• DESCRIPTION OF THE TASK
Both the line below containing "using Suc.prems(1) that by simp" and the line containing "from bound_max(1) have", along with every line between them, should be repeated exactly; no other line belongs in the answer.

□ □ □ □

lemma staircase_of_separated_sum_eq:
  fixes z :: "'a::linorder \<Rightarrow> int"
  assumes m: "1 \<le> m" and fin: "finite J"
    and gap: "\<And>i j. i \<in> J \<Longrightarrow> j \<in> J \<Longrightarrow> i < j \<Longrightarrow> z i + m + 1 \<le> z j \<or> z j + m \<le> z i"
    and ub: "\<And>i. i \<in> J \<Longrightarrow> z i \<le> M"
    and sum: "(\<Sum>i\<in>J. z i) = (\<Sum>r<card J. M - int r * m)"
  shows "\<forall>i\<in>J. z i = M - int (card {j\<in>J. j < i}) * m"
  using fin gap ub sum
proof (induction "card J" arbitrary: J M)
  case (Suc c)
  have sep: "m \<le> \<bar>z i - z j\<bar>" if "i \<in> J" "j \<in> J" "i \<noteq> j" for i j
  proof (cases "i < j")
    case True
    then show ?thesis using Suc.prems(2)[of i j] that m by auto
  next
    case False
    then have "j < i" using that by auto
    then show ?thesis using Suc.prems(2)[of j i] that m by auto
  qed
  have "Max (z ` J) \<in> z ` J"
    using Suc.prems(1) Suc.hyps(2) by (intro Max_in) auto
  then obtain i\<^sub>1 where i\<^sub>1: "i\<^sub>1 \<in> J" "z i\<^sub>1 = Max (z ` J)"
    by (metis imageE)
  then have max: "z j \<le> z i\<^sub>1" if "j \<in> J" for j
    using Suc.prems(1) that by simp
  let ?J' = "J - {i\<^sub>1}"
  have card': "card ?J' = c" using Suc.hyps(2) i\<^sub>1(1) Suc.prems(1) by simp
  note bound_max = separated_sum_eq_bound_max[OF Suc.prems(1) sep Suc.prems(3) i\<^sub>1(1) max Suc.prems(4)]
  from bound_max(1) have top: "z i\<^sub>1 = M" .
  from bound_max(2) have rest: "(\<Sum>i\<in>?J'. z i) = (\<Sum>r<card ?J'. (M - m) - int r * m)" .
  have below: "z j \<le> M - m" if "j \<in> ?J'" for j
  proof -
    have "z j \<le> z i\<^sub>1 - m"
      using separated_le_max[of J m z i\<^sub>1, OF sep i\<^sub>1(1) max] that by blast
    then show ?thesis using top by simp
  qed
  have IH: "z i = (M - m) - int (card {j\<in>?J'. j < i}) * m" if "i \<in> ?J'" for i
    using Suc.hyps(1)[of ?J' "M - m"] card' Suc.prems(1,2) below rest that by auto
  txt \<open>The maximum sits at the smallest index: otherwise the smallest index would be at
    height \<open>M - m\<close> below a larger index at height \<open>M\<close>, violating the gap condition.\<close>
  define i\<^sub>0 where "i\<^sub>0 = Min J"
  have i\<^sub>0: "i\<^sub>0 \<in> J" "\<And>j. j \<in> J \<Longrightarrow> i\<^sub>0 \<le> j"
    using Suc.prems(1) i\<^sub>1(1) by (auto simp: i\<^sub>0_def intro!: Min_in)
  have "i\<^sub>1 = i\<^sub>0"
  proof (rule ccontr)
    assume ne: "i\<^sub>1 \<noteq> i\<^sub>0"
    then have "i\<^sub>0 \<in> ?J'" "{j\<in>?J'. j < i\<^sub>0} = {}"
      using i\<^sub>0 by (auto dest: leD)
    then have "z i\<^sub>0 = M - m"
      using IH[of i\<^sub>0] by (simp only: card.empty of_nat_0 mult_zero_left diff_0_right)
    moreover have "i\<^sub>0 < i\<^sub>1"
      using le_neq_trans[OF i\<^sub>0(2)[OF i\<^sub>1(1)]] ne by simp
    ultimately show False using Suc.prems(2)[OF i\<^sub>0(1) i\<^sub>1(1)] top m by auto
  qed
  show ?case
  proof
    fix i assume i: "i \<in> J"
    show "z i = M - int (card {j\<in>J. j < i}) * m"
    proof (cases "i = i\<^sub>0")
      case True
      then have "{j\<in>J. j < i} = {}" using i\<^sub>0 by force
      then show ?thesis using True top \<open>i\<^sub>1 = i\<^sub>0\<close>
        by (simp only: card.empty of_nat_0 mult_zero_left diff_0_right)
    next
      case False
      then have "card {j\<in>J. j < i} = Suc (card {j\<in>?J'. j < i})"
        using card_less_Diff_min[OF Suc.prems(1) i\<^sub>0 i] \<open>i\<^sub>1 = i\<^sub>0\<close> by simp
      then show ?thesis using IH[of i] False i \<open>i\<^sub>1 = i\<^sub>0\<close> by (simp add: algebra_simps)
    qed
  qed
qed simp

□ □ □ □

• YOUR RESPONSE
    using Suc.prems(1) that by simp
  let ?J' = "J - {i\<^sub>1}"
  have card': "card ?J' = c" using Suc.hyps(2) i\<^sub>1(1) Suc.prems(1) by simp
  note bound_max = separated_sum_eq_bound_max[OF Suc.prems(1) sep Suc.prems(3) i\<^sub>1(1) max Suc.prems(4)]
  from bound_max(1) have top: "z i\<^sub>1 = M" .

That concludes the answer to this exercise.